I’ve learned that the most effective arena where I can see change is my local government because the issues as well as the decision makers are closer. We are neighbors. We might know each other beyond the politics of the moment and want to do what might be a compromise so that we can all move forward in some way together. At the national level, the electorate becomes so much bigger, more diverse, and for most elected folks, this is their career. They become more interested in the optics and the spin than in policy and honesty, because those things could end their career and then what? But our government at every level is just us, citizens who offer themselves in service to our country.
So, on one level, I absolutely understand the frustration when those folks who are supposed to represent me, don’t see me, hear me, or respect me. I also know that as much as they are there on my behalf, they are serving on our behalf and there are lots of nearby neighbors, not to mention national ones, who fervently disagree with me on the values and strategies that should define America.

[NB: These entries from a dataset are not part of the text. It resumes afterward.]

lemma norm_sq_circle_mean:
  assumes \<rho>: "0 < \<rho>"
  shows "((\<lambda>t. (cmod (p + of_real \<rho> * cis t))^2) has_integral (2*pi * ((cmod p)^2 + \<rho>^2))) {0..2*pi}"
proof -
  define g where "g u = 2 * cnj p * u - of_real ((cmod p)^2)" for u
  have norm_sq: "(cmod u)^2 = Re (g u) + (cmod (u - p))^2" for u
    unfolding g_def cmod_power2 by (simp add: power2_eq_square algebra_simps)
  have "g p = of_real ((cmod p)^2)"
    by (simp add: g_def mult.assoc complex_norm_square[symmetric] mult.commute[of "cnj p"])
  moreover have "g holomorphic_on cball p \<rho>" unfolding g_def by (intro holomorphic_intros)
  ultimately have "((\<lambda>t. Re (g (p + of_real \<rho> * cis t))) has_integral 2*pi * (cmod p)^2) {0..2*pi}"
    using has_integral_Re[OF holomorphic_circle_mean[OF _ \<rho>]] by fastforce
  then have "((\<lambda>t. Re (g (p + of_real \<rho> * cis t)) + \<rho>^2) has_integral 2*pi * (cmod p)^2 + 2*pi * \<rho>^2) {0..2*pi}"
    by (intro has_integral_add) (use has_integral_const_real[of "\<rho>^2" 0 "2*pi"] in simp_all)
  then show ?thesis using \<rho> by (simp add: norm_sq[of "p + _"] norm_mult distrib_left)
qed

section \<open>The Green function of a disc\<close>

definition disc_green :: "real \<Rightarrow> complex \<Rightarrow> complex \<Rightarrow> real" where
  "disc_green c z w = ln (cmod (of_real (c^2) - cnj w * z)) - ln c - ln (cmod (z - w))"

lemma norm_disc_green_numerator_ge:
  assumes "0 < c" "cmod z \<le> c" "cmod w < c"
  shows "0 < c^2 - cmod w * cmod z" "c^2 - cmod w * cmod z \<le> cmod (of_real (c^2) - cnj w * z)"
proof -
  have "cmod w * cmod z \<le> cmod w * c" using assms by (intro mult_left_mono) auto
  also have "\<dots> < c * c" using assms by simp
  finally have "cmod w * cmod z < c * c" .
  then show "0 < c^2 - cmod w * cmod z" by (simp add: power2_eq_square)
  show "c^2 - cmod w * cmod z \<le> cmod (of_real (c^2) - cnj w * z)"
    using norm_triangle_ineq2[of "of_real (c^2) :: complex" "cnj w * z"] by (simp add: norm_mult norm_power)
qed

lemma disc_green_eq_0_on_circle:
  assumes "0 < c" "cmod z = c" "z \<noteq> w"
  shows "disc_green c z w = 0"
proof -
  have "of_real (c^2) - cnj w * z = z * cnj (z - w)"
    using assms(2) complex_norm_square[of z] by (simp add: algebra_simps)
  then have "cmod (of_real (c^2) - cnj w * z) = cmod z * cmod (cnj (z - w))"
    by (simp only: norm_mult)
  then have "cmod (of_real (c^2) - cnj w * z) = c * cmod (z - w)"
    using assms(2) by (simp only: complex_mod_cnj)
  then show ?thesis using assms by (simp add: disc_green_def ln_mult)
qed

lemma disc_green_le:
  assumes "0 < c" "c \<le> 1" "cmod z \<le> c" "cmod w < c" "z \<noteq> w"
  shows "disc_green c z w \<le> ln 2 - ln (cmod (z - w))"
proof -
  have "cmod (of_real (c^2) - cnj w * z) \<le> c^2 + cmod w * cmod z"
    using norm_triangle_ineq4[of "of_real (c^2) :: complex" "cnj w * z"] by (simp add: norm_mult norm_power)
  also have "\<dots> \<le> c^2 + c * c"
    using assms by (intro add_left_mono mult_mono) auto
  also have "\<dots> \<le> 2 * c"
    using assms by (simp add: power2_eq_square mult_left_le)
  finally have "cmod (of_real (c^2) - cnj w * z) \<le> 2 * c" .
  moreover have "0 < cmod (of_real (c^2) - cnj w * z)"
    using norm_disc_green_numerator_ge[of c z w] assms by linarith
  ultimately have "ln (cmod (of_real (c^2) - cnj w * z)) \<le> ln (2 * c)"
    using assms by simp
  then show ?thesis using assms by (simp add: disc_green_def ln_mult)
qed

lemma norm_disc_green_numerator_sq:
  "(cmod (of_real (c^2) - cnj w * z))^2 = c^2 * (cmod (z - w))^2 + (c^2 - (cmod z)^2) * (c^2 - (cmod w)^2)"
  unfolding cmod_power2 by (simp add: power2_eq_square algebra_simps)

lemma disc_green_ge:
  assumes "0 \<le> r" "r < c" "b < c" "c \<le> 1" "cmod z < r" "cmod w \<le> b" "z \<noteq> w"
  shows "ln (1 + (c^2 - r^2) * (c^2 - b^2) / 4) / 2 \<le> disc_green c z w"
proof -
  define X where "X = cmod (of_real (c^2) - cnj w * z)"
  define Y where "Y = c * cmod (z - w)"
  define d where "d = (c^2 - r^2) * (c^2 - b^2)"
  have "0 \<le> b" using assms(6) norm_ge_zero order_trans by blast
  have "r^2 < c^2" "b^2 < c^2" "(cmod z)^2 \<le> r^2" "(cmod w)^2 \<le> b^2"
    using assms \<open>0 \<le> b\<close> by (auto intro!: power_strict_mono power_mono)
  then have d: "0 < d" "d \<le> (c^2 - (cmod z)^2) * (c^2 - (cmod w)^2)"
    unfolding d_def by (auto intro!: mult_mono)
  have Y: "0 < Y" using assms by (simp add: Y_def)
  have "Y \<le> 1 * 2"
    unfolding Y_def using assms norm_triangle_ineq4[of z w] by (intro mult_mono) auto
  then have "Y^2 \<le> 2^2" using Y by (intro power_mono) auto
  then have "Y^2 * (d / 4) \<le> d" using d by (simp add: field_simps)
  moreover have "X^2 = Y^2 + (c^2 - (cmod z)^2) * (c^2 - (cmod w)^2)"
    unfolding X_def Y_def norm_disc_green_numerator_sq by (simp add: power_mult_distrib)
  moreover have "Y^2 * (1 + d / 4) = Y^2 + Y^2 * (d / 4)" by (simp add: distrib_left)
  ultimately have "Y^2 * (1 + d / 4) \<le> X^2" using d by linarith
  then have "ln (Y^2 * (1 + d / 4)) \<le> ln (X^2)"
    using Y d by (intro ln_mono) auto
  then have "2 * ln Y + ln (1 + d / 4) \<le> 2 * ln X"
    using Y d \<open>Y^2 * (1 + d / 4) \<le> X^2\<close> by (simp add: ln_mult ln_realpow)
  moreover have "disc_green c z w = ln X - ln Y"
    using assms by (simp add: disc_green_def X_def Y_def ln_mult)
  ultimately show ?thesis unfolding d_def by simp
qed

lemma disc_green_circle_mean:
  assumes c: "0 < c" and \<rho>: "0 < \<rho>" and w: "cmod w < c"
    and pc: "cmod p + \<rho> < c" and pw: "\<rho> < cmod (p - w)"
  shows "((\<lambda>t. disc_green c (p + of_real \<rho> * cis t) w) has_integral (2*pi * disc_green c p w)) {0..2*pi}"
proof -
  have "cmod (- cnj w) * \<rho> \<le> c * \<rho>" using w \<rho> by simp
  also have "\<dots> < c * (c - cmod p)" using c pc by simp
  also have "\<dots> \<le> c^2 - cmod w * cmod p"
    using mult_right_mono[of "cmod w" c "cmod p"] w by (simp add: power2_eq_square algebra_simps)
  also have "\<dots> \<le> cmod (- cnj w * p + of_real (c^2))"
    using norm_disc_green_numerator_ge(2)[of c p w] c pc \<rho> w by simp
  finally have numerator: "((\<lambda>t. ln (cmod (- cnj w * (p + of_real \<rho> * cis t) + of_real (c^2))))
      has_integral 2*pi * ln (cmod (- cnj w * p + of_real (c^2)))) {0..2*pi}"
    by (rule ln_norm_affine_circle_mean[OF \<rho>])
  have "((\<lambda>t. ln (cmod (1 * (p + of_real \<rho> * cis t) + - w))) has_integral 2*pi * ln (cmod (1 * p + - w))) {0..2*pi}"
    by (rule ln_norm_affine_circle_mean[OF \<rho>]) (use pw in simp)
  from has_integral_diff[OF has_integral_diff[OF numerator has_integral_const_real[of "ln c" 0 "2*pi"]] this]
  show ?thesis by (simp add: disc_green_def algebra_simps)
qed
(* Let $\mathcal{F}$ be a finite forest and let $\vec\lambda:V(\mathcal{F})\to\mathbb{Z}_{\ge 0}$ be any labelling of its vertices. Then the bounded degree complex $\mathrm{BD}^{\vec\lambda}(\mathcal{F})$ is vertex decomposable.
   Context: For a finite simple graph $G$ and $\vec\lambda:V(G)\to\mathbb{Z}_{\ge0}$, the bounded degree complex $\mathrm{BD}^{\vec\lambda}(G)$ is the simplicial complex whose simplices are the subsets $\sigma\subseteq E(G)$ such that for every vertex $v\in V(G)$ the number of edges of $\sigma$ incident to $v$ is at most $\vec\lambda(v)$. For a simplicial complex $K$ and a vertex $v$, $\mathrm{lk}(v,K)=\{\tau\in K: v\notin\tau,\ \tau\cup\{v\}\in K\}$ and $\mathrm{del}(v,K)=\{\tau\in K: v\notin\tau\}$. A simplicial complex $K$ is vertex decomposable if $K$ is a simplex (the set of all subsets of a finite set, including $\{\emptyset\}$), or $K$ contains a vertex $v$ such that (i) both $\mathrm{lk}(v,K)$ and $\mathrm{del}(v,K)$ are vertex decomposable, and (ii) every facet (maximal simplex) of $\mathrm{del}(v,K)$ is a facet of $K$. *)

theory Defs
  imports Main
begin

definition simple_graph :: "'a set \<Rightarrow> 'a set set \<Rightarrow> bool" where
  "simple_graph V E \<longleftrightarrow> finite V \<and> (\<forall>e\<in>E. e \<subseteq> V \<and> card e = 2)"

definition is_cycle :: "'a set set \<Rightarrow> 'a list \<Rightarrow> bool" where
  "is_cycle E cs \<longleftrightarrow> length cs \<ge> 3 \<and> distinct cs \<and>
     (\<forall>i < length cs. {cs ! i, cs ! ((i + 1) mod length cs)} \<in> E)"

definition forest :: "'a set \<Rightarrow> 'a set set \<Rightarrow> bool" where
  "forest V E \<longleftrightarrow> simple_graph V E \<and> (\<nexists>cs. is_cycle E cs)"
lemma origin_ellipse_reflection_invariant:
  assumes "origin_ellipse K" "x \<in> frontier K" "y \<in> frontier K" "x \<noteq> y" "x \<noteq> - y"
    and "linear T" "T (x + y) = - x - y" "T (y - x) = y - x"
  shows "T ` K = K"
proof -
  obtain f :: "real^2 \<Rightarrow> real^2" where f: "linear f" "inj f" "K = f ` cball 0 1"
    using assms(1) unfolding origin_ellipse_def by blast
  have "frontier K = f ` sphere 0 1"
    using frontier_injective_linear_image[OF f(1,2)] f(3) by simp
  then obtain a b where ab: "norm a = 1" "norm b = 1" "x = f a" "y = f b"
    using assms(2,3) by auto
  define p where "p = a + b"
  define q where "q = b - a"
  have "p \<noteq> 0" "q \<noteq> 0"
    using assms(4,5) ab f(1) by (auto simp: p_def q_def linear_neg add_eq_0_iff)
  moreover have "p \<bullet> q = 0"
    using ab(1,2) by (simp add: p_def q_def algebra_simps inner_commute dot_square_norm)
  ultimately have "det2 p q \<noteq> 0"
    using det2_nonzero_if_orthogonal by blast
  let ?S = "reflect_along p"
  have S: "orthogonal_transformation ?S"
    by (rule orthogonal_transformation_reflect_along)
  have "T \<circ> f = f \<circ> ?S"
  proof (rule linear_eq_on_det2_basis)
    show "linear (T \<circ> f)" "linear (f \<circ> ?S)"
      using assms(6) f(1) S by (auto intro: linear_compose orthogonal_transformation_linear)
    show "(T \<circ> f) p = (f \<circ> ?S) p" "(T \<circ> f) q = (f \<circ> ?S) q"
      using assms(7,8) ab f(1) \<open>p \<noteq> 0\<close> \<open>p \<bullet> q = 0\<close>
      by (simp_all add: p_def q_def reflect_along_self reflect_along_orthogonal inner_commute
          linear_add linear_diff linear_neg)
  qed fact
  then have "T ` K = f ` ?S ` cball 0 1"
    by (simp add: f(3) image_comp)
  also have "\<dots> = K"
    using S f(3) by (simp add: image_orthogonal_transformation_cball linear_0 orthogonal_transformation_linear)
  finally show ?thesis .
qed

lemma origin_ellipse_linear_preimage_cball:
  fixes g :: "real^2 \<Rightarrow> real^2"
  assumes "linear g" "inj g"
  shows "origin_ellipse {z. norm (g z) \<le> 1}"
proof -
  have "surj g"
    using assms linear_inj_imp_surj by blast
  then have "{z. norm (g z) \<le> 1} = inv g ` cball 0 1"
    using assms(2) by (simp add: bij_vimage_eq_inv_image[symmetric] bij_def vimage_def)
  moreover have "linear (inv g)" "inj (inv g)"
    using assms \<open>surj g\<close> by (simp_all add: inj_linear_imp_inv_linear surj_imp_inj_inv)
  ultimately show ?thesis
    unfolding origin_ellipse_def by blast
qed

lemma origin_ellipse_quadratic_sublevel:
  fixes A B C c :: real
  assumes pos: "\<And>z::real^2. z \<noteq> 0 \<Longrightarrow> 0 < A * (z$1)^2 + B * (z$1 * z$2) + C * (z$2)^2"
    and "0 < c"
  shows "origin_ellipse {z::real^2. A * (z$1)^2 + B * (z$1 * z$2) + C * (z$2)^2 \<le> c}"
proof -
  define E where "E = 4 * A * C - B^2"
  have "0 < A"
    using pos[of "vector [1, 0]"] by (simp add: vec_eq_iff forall_2)
  moreover have "0 < A * E" \<comment> \<open>\<open>A * E\<close> is the value at \<open>(- B, 2 * A)\<close>\<close>
    using pos[of "vector [- B, 2 * A]"] \<open>0 < A\<close>
    by (simp add: vec_eq_iff forall_2 E_def power2_eq_square algebra_simps)
  ultimately have "0 < E"
    by (simp add: zero_less_mult_iff)
  define s where "s = sqrt (4 * A * c)"
  define g where "g z = (vector [(2 * A * z$1 + B * z$2) / s, sqrt E * z$2 / s] :: real^2)"
    for z :: "real^2"
  have "linear g"
    by (intro linearI) (simp_all add: g_def vec_eq_iff forall_2 algebra_simps add_divide_distrib)
  moreover have "inj g"
    unfolding linear_injective_0[OF \<open>linear g\<close>]
    using \<open>0 < A\<close> \<open>0 < E\<close> \<open>0 < c\<close> by (auto simp: g_def s_def vec_eq_iff forall_2)
  moreover have "(norm (g z))^2 = (A * (z$1)^2 + B * (z$1 * z$2) + C * (z$2)^2) / c" for z
  proof -
    have "(norm (g z))^2 = ((2 * A * z$1 + B * z$2)^2 + E * (z$2)^2) / (4 * A * c)"
      using \<open>0 < A\<close> \<open>0 < E\<close> \<open>0 < c\<close> unfolding norm_vec2_power2
      by (simp add: g_def s_def power_divide power_mult_distrib flip: add_divide_distrib)
    also have "(2 * A * z$1 + B * z$2)^2 + E * (z$2)^2 = 4 * A * (A * (z$1)^2 + B * (z$1 * z$2) + C * (z$2)^2)"
      by (simp add: E_def power2_eq_square algebra_simps)
    finally show ?thesis
      using \<open>0 < A\<close> by simp
  qed
  then have "A * (z$1)^2 + B * (z$1 * z$2) + C * (z$2)^2 \<le> c \<longleftrightarrow> (norm (g z))^2 \<le> 1" for z
    using \<open>0 < c\<close> by (simp add: divide_le_eq_1_pos)
  then have "{z. A * (z$1)^2 + B * (z$1 * z$2) + C * (z$2)^2 \<le> c} = {z. norm (g z) \<le> 1}"
    by (simp add: power_le_one_iff)
  ultimately show ?thesis
    using origin_ellipse_linear_preimage_cball by simp
qed

section \<open>Convex bodies around the origin\<close>

lemma zero_in_interior_symmetric_convex:
  fixes K :: "'a::euclidean_space set"
  assumes "convex K" "interior K \<noteq> {}" "\<And>x. x \<in> K \<Longrightarrow> - x \<in> K"
  shows "0 \<in> interior K"
proof -
  obtain p where p: "p \<in> interior K"
    using assms(2) by blast
  have "uminus ` K = K"
    using assms(3) by (auto simp: image_iff) (metis minus_minus)
  then have "- p \<in> interior K"
    using p interior_negations[of K] by auto
  then have "(1/2) *\<^sub>R p + (1/2) *\<^sub>R (- p) \<in> interior K"
    using convexD[OF convex_interior[OF assms(1)] p, of "- p" "1/2" "1/2"] by auto
  then show ?thesis
    by simp
qed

That’s the challenge and the opportunity of how we are built. And for 245 years it has worked. I am grateful to live in a nation that is founded on this premise, that “We the People of the United States, in Order to form a more perfect Union, establish Justice, insure domestic Tranquility, provide for the common defense, promote the general Welfare, and secure the Blessings of Liberty to ourselves and our Posterity, do ordain and establish this Constitution for the United States of America.”
Union - the action or fact of joining or being joined, especially in a political context; a state of harmony or agreement. From late Middle English: from Old French, or from ecclesiastical Latin unio(n- ) ‘unity’, from Latin unus ‘one’.
I believe in free, open, and fair elections and I believe in perfecting the processes so that every citizen gets to exercise their right to vote. I believe in the processes that examine elections after the fact to look for errors, tampering, or undue influence. I believe the same election procedures that gave us Ronald Reagan and Bill Clinton gave us Donald Trump and Joe Biden.
We often say we will never forget, whether it’s the Alamo or D-Day or 9/11. There is something powerful in what we remember, and what we forget. It speaks to our values and priorities. So I will never forget January 6, 2021.
I pray for my fellow Americans. We have been and are being manipulated to distrust one another when one another is really all we have. We are our essential services. We are our supply chain. We are our government. We are in this together - this life, this nation, this opportunity to love and serve one another. Let us have a new epiphany - recognizing our common humanity, offering our gifts, and recreating home in a new way.